Listed entries Block Start

(* Let $p$ be an odd prime, let $\mathcal{S}$ be the affine surface over $\mathbb{F}_{p^2}$ given by $y^p-y=x^{p+1}z^2+x^2z^{p+1}$, let $T=\{(x,y,z)\in\mathcal{S}(\mathbb{F}_{p^2}): z\ne 0\}$, and for integers $2\le\rho_1,\rho_2\le p$ let $$V_{\rho_1,\rho_2}=\langle x^iy^jz^k: 0\le i\le p-\rho_1,\ 0\le j\le p-\rho_2,\ 0\le k\le p^2-2p\rangle.$$ Then the evaluation code $C=C(V_{\rho_1,\rho_2},T)$ has hierarchical locality, where for the position of a point $P_i=(a,b,c)\in T$ the lower code is the puncturing of $C$ to the fiber $\{(a,b+\delta,c):\delta\in\mathbb{F}_p\}$ and the middle code is the puncturing of $C$ to the points of $T$ with $z$-coordinate $c$. Specifically: (1) each lower code has length $n_2=p$, dimension at most $s_2=p-\rho_2+1$, and minimum distance at least $d_2=\rho_2$; (2) each middle code has length $n_1\le 2p^2-p$, dimension at most $s_1=(p-\rho_2+1)(p-\rho_1+1)$, and minimum distance at least $d_1=\rho_1\rho_2$; (3) the full code has length $n=2p^4-3p^3+2p^2-p$, dimension $k=(p-\rho_2+1)(p-\rho_1+1)(p^2-2p+1)$, and minimum distance $d\ge(\rho_1+\rho_2-3)p+(\rho_1+\rho_2)$.
   Context: For an ordered finite set $T=\{P_1,\dots,P_n\}$ of points and a vector space $V$ of polynomials, the evaluation code is $C(V,T)=\{(g(P_1),\dots,g(P_n)):g\in V\}$. The puncturing of a code to a set of positions is the projection of all codewords onto those positions. Length, dimension, and minimum (Hamming) distance are the usual linear-code parameters. *)

theory Defs
  imports Complex_Main "HOL-Library.Function_Algebras" "HOL-Computational_Algebra.Primes"
begin

type_synonym 'a pt = "'a \<times> 'a \<times> 'a"

definition surfS :: "nat \<Rightarrow> ('a::field) pt set" where
  "surfS p = {(x,y,z). y^p - y = x^(p+1) * z^2 + x^2 * z^(p+1)}"

definition Tset :: "nat \<Rightarrow> ('a::field) pt set" where
  "Tset p = {P \<in> surfS p. snd (snd P) \<noteq> 0}"

definition Vspace :: "nat \<Rightarrow> nat \<Rightarrow> nat \<Rightarrow> (('a::field) pt \<Rightarrow> 'a) set" where
  "Vspace p r1 r2 = {g. \<exists>c :: nat \<Rightarrow> nat \<Rightarrow> nat \<Rightarrow> 'a.
      g = (\<lambda>(x,y,z). \<Sum>i\<le>p-r1. \<Sum>j\<le>p-r2. \<Sum>k\<le>p^2-2*p. c i j k * x^i * y^j * z^k)}"

(* codewords indexed by the positions (points of T); a word is a function on points,
   extended by 0 outside the index set *)
definition evcode :: "('b \<Rightarrow> 'a::field) set \<Rightarrow> 'b set \<Rightarrow> ('b \<Rightarrow> 'a) set" where
  "evcode V T = {(\<lambda>P. if P \<in> T then g P else 0) | g. g \<in> V}"

definition puncture :: "('b \<Rightarrow> 'a::field) set \<Rightarrow> 'b set \<Rightarrow> ('b \<Rightarrow> 'a) set" where
  "puncture C S = (\<lambda>f P. if P \<in> S then f P else 0) ` C"

definition weight :: "'b set \<Rightarrow> ('b \<Rightarrow> 'a::zero) \<Rightarrow> nat" where
  "weight S f = card {P \<in> S. f P \<noteq> 0}"

definition code_dim :: "('b \<Rightarrow> 'a::field) set \<Rightarrow> nat" where
  "code_dim C = vector_space.dim (\<lambda>(c::'a) f x. c * f x) C"

definition prime_subfield :: "('a::field) set" where
  "prime_subfield = range of_nat"

definition fiber :: "('a::field) \<Rightarrow> 'a \<Rightarrow> 'a \<Rightarrow> 'a pt set" where
  "fiber a b c = {(a, b + d, c) | d. d \<in> prime_subfield}"

definition zslice :: "('a::field) pt set \<Rightarrow> 'a \<Rightarrow> 'a pt set" where
  "zslice T c = {P \<in> T. snd (snd P) = c}"

end

theory Submission
  imports Defs "HOL-Number_Theory.Residues" "HOL-Computational_Algebra.Polynomial"
begin

text \<open>
  For \<open>z \<noteq> 0\<close>, the Artin--Schreier map \<open>y \<mapsto> y^p - y\<close> sends \<open>F_{p^2}\<close> onto the kernel of the
  trace \<open>w \<mapsto> w^p + w\<close>, and its fibres are the cosets of \<open>F_p\<close>. So the line \<open>(x, _, z)\<close> meets
  the surface in exactly \<open>p\<close> points or in none, according as the trace of
  \<open>x^(p+1) z^2 + x^2 z^(p+1)\<close>, which is \<open>x^2 z^2 (x^(p-1) + z^(p-1)) (1 + x^(p-1) z^(p-1))\<close>,
  vanishes or not. Each \<open>z \<noteq> 0\<close> thus admits \<open>p\<close> or \<open>2p - 1\<close> values of \<open>x\<close> (\<open>p\<close> exactly
  when \<open>z^(p-1) = 1\<close> or \<open>-1\<close>), which gives all the lengths.

  On such a line, on a slice \<open>z = c\<close>, or on all of \<open>T\<close>, a codeword is a polynomial in \<open>y\<close>,
  then in \<open>x\<close>, then in \<open>z\<close>, of degree smaller than the number of available values of that
  variable (\<open>p - \<rho>2 < p\<close>, \<open>p - \<rho>1 < p\<close>, \<open>p^2 - 2p < p^2 - 1\<close>). Counting roots layer by layer
  bounds the weights from below by \<open>\<rho>2\<close>, \<open>\<rho>1 \<rho>2\<close> and \<open>(2p - 1) \<rho>1 \<rho>2\<close>; the last bound also
  shows that the monomials remain linearly independent on \<open>T\<close>, which gives the dimension.
\<close>

lemma card_nonroots_ge:
  fixes a :: "nat \<Rightarrow> 'a::field"
  assumes "finite S" and "j \<le> n" and "a j \<noteq> 0"
  shows "card S - n \<le> card {x \<in> S. (\<Sum>i\<le>n. a i * x^i) \<noteq> 0}"
proof -
  define q where "q = (\<Sum>i\<le>n. monom (a i) i)"
  have poly_q: "poly q x = (\<Sum>i\<le>n. a i * x^i)" for x
    unfolding q_def by (simp add: poly_sum poly_monom)
  have "coeff q j = a j" unfolding q_def using assms(2) by (simp add: coeff_sum)
  then have "q \<noteq> 0" using assms(3) by auto
  moreover have "degree q \<le> n"
    unfolding q_def by (rule degree_sum_le) (auto intro: order_trans[OF degree_monom_le])
  ultimately have "card {x. poly q x = 0} \<le> n"
    using card_poly_roots_bound by (metis order_trans)
  moreover have "card {x \<in> S. poly q x = 0} \<le> card {x. poly q x = 0}"
    using poly_roots_finite[OF \<open>q \<noteq> 0\<close>] by (rule card_mono) auto
  moreover have "card S \<le> card ({x \<in> S. poly q x \<noteq> 0} \<union> {x \<in> S. poly q x = 0})"
    using assms(1) by (intro card_mono) auto
  moreover note card_Un_le[of "{x \<in> S. poly q x \<noteq> 0}" "{x \<in> S. poly q x = 0}"]
  ultimately show ?thesis unfolding poly_q by linarith
qed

Listed entries Block End

**Exercise prompt**. Copy every single line of the material above that holds "gives".

**Response to the exercise**.
  when \<open>z^(p-1) = 1\<close> or \<open>-1\<close>), which gives all the lengths.
  shows that the monomials remain linearly independent on \<open>T\<close>, which gives the dimension.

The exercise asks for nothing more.